[TASK GOAL]: Using the records below, filter out every line that lacks "length" and copy the rest.

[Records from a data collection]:
• • • • •
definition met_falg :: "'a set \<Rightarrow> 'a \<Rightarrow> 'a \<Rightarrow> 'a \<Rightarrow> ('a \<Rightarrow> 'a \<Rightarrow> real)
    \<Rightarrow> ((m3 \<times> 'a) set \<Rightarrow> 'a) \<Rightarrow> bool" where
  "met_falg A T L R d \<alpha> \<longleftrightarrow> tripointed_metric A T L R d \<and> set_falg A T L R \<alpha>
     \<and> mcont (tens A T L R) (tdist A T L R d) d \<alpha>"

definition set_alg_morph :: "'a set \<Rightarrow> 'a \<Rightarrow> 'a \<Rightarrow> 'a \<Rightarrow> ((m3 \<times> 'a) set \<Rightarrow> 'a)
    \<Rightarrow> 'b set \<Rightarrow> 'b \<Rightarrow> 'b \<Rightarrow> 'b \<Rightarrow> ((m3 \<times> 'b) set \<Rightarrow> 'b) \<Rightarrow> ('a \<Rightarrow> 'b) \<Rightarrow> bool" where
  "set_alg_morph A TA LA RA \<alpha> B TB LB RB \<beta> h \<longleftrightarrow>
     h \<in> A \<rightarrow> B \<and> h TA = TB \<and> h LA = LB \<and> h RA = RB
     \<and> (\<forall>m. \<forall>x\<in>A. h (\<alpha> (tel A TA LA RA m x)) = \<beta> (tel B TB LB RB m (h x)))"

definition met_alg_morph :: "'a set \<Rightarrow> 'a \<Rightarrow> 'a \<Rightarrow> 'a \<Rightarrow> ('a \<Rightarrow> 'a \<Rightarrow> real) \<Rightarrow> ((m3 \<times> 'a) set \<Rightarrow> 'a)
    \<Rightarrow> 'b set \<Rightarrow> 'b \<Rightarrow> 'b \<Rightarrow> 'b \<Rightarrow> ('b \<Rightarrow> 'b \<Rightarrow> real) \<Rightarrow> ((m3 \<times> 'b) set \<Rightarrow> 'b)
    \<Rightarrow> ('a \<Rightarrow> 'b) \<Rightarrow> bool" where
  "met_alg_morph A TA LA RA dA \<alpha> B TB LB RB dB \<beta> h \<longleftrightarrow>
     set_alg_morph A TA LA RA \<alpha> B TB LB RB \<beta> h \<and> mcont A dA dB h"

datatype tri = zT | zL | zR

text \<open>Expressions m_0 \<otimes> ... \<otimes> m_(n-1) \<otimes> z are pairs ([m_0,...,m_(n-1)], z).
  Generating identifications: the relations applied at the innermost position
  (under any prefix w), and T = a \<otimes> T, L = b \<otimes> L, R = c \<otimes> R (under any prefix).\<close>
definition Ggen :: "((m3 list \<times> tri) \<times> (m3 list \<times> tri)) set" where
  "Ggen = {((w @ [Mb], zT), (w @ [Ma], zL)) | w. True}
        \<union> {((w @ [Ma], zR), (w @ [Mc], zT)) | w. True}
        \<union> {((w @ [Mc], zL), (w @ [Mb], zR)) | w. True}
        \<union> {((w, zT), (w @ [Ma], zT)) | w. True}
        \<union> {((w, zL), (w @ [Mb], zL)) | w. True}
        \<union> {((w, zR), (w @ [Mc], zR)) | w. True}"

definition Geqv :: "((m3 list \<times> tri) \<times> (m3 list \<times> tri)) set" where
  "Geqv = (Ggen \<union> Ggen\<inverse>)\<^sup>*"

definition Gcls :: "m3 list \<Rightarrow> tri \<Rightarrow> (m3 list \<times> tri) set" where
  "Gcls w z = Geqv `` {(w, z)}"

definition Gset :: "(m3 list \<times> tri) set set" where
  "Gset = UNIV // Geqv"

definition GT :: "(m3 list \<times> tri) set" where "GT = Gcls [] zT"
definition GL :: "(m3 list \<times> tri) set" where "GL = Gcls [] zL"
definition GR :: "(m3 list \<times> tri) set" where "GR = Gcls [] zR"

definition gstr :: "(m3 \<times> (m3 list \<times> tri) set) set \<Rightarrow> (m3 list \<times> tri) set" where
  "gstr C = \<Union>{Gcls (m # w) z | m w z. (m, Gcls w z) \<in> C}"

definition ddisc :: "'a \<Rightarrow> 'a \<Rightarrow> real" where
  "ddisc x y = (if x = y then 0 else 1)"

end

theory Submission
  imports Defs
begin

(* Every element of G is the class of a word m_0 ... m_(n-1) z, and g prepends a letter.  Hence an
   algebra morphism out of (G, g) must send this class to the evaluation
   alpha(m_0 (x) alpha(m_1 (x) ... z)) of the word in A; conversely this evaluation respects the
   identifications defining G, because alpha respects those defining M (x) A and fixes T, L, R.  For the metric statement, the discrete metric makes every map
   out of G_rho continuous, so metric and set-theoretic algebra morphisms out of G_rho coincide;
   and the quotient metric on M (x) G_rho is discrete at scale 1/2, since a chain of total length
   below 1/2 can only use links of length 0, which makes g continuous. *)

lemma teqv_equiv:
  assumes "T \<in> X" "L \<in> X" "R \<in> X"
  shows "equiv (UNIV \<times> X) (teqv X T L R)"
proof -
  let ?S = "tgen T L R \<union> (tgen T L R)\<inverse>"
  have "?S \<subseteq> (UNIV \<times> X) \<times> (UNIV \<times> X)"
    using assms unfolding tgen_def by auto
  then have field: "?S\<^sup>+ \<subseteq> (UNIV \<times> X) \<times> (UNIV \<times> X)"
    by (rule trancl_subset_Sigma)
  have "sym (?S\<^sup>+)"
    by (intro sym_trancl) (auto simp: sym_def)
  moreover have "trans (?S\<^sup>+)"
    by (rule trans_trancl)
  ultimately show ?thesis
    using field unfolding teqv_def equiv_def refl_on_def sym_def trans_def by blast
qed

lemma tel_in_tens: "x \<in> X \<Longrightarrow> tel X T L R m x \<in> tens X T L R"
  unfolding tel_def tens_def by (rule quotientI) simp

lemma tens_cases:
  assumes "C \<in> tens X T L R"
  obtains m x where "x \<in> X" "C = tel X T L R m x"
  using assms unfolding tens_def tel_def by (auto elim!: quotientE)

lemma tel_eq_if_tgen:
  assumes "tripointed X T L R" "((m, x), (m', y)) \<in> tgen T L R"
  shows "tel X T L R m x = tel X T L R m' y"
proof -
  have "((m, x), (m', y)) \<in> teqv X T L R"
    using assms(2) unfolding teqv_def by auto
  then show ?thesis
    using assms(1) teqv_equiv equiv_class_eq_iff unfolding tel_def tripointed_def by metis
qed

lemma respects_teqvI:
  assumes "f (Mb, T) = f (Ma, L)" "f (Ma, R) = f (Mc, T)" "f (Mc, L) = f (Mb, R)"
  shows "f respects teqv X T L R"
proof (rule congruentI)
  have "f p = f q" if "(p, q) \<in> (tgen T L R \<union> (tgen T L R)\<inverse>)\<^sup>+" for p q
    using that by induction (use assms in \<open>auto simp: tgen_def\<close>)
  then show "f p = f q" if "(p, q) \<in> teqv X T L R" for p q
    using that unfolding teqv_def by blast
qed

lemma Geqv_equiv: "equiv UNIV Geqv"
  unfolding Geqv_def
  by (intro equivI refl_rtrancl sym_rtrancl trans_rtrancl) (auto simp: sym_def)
• • • • •
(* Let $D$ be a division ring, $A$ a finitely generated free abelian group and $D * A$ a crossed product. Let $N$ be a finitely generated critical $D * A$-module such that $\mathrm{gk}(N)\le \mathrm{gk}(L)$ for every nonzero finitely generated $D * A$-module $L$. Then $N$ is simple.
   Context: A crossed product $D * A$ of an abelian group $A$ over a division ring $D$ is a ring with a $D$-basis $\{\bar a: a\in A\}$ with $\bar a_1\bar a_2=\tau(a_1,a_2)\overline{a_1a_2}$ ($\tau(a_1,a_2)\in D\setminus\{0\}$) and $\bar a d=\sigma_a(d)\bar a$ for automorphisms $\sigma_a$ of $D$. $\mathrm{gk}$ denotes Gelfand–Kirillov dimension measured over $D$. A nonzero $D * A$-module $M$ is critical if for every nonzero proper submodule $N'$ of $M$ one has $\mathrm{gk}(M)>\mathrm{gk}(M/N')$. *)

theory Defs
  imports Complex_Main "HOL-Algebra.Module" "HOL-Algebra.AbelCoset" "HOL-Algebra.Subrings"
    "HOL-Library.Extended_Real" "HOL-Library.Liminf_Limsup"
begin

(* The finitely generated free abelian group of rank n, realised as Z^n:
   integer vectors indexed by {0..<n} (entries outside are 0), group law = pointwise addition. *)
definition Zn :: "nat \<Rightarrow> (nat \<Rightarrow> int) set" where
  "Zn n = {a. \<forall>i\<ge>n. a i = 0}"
• • • • •
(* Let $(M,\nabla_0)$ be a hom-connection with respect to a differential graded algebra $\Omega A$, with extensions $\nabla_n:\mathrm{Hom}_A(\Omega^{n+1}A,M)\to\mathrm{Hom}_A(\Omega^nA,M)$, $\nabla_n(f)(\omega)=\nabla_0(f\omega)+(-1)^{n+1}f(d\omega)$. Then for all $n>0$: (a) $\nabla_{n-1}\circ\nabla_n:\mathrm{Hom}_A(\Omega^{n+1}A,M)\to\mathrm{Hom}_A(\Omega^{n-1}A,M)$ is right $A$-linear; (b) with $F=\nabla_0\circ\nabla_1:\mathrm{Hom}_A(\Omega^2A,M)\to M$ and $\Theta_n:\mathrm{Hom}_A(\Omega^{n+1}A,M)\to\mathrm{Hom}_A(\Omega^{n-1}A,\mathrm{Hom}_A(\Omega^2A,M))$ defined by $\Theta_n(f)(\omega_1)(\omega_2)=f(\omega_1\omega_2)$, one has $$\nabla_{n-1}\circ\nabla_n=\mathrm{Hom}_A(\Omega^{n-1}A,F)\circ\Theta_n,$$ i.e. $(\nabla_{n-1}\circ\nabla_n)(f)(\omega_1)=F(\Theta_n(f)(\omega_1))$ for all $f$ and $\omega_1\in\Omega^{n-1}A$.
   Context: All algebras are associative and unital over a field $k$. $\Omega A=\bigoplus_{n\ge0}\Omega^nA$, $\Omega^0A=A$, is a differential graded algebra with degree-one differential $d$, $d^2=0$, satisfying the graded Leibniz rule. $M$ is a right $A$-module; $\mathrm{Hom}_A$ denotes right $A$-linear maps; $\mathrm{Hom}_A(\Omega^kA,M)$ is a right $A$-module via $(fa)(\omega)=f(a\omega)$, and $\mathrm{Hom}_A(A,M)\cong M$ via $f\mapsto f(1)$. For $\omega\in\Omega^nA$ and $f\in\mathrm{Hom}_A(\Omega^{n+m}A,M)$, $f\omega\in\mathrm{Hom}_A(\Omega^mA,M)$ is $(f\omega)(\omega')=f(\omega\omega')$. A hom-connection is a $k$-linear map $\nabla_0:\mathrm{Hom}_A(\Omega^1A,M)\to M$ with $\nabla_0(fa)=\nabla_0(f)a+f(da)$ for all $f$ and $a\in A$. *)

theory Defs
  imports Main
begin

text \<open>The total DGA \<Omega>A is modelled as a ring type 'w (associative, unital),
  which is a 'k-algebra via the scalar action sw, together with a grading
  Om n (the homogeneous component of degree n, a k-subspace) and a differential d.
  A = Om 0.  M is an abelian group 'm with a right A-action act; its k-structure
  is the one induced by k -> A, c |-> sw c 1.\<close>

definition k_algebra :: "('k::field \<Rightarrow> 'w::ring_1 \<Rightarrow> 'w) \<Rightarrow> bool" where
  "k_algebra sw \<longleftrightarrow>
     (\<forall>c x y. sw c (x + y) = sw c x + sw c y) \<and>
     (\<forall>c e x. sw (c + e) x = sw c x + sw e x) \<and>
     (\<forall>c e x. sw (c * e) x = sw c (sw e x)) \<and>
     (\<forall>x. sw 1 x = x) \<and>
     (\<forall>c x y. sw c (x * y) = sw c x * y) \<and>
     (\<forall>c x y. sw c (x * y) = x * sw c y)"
• • • • •
[TASK SOLUTION]:
   and the quotient metric on M (x) G_rho is discrete at scale 1/2, since a chain of total length
   below 1/2 can only use links of length 0, which makes g continuous. *)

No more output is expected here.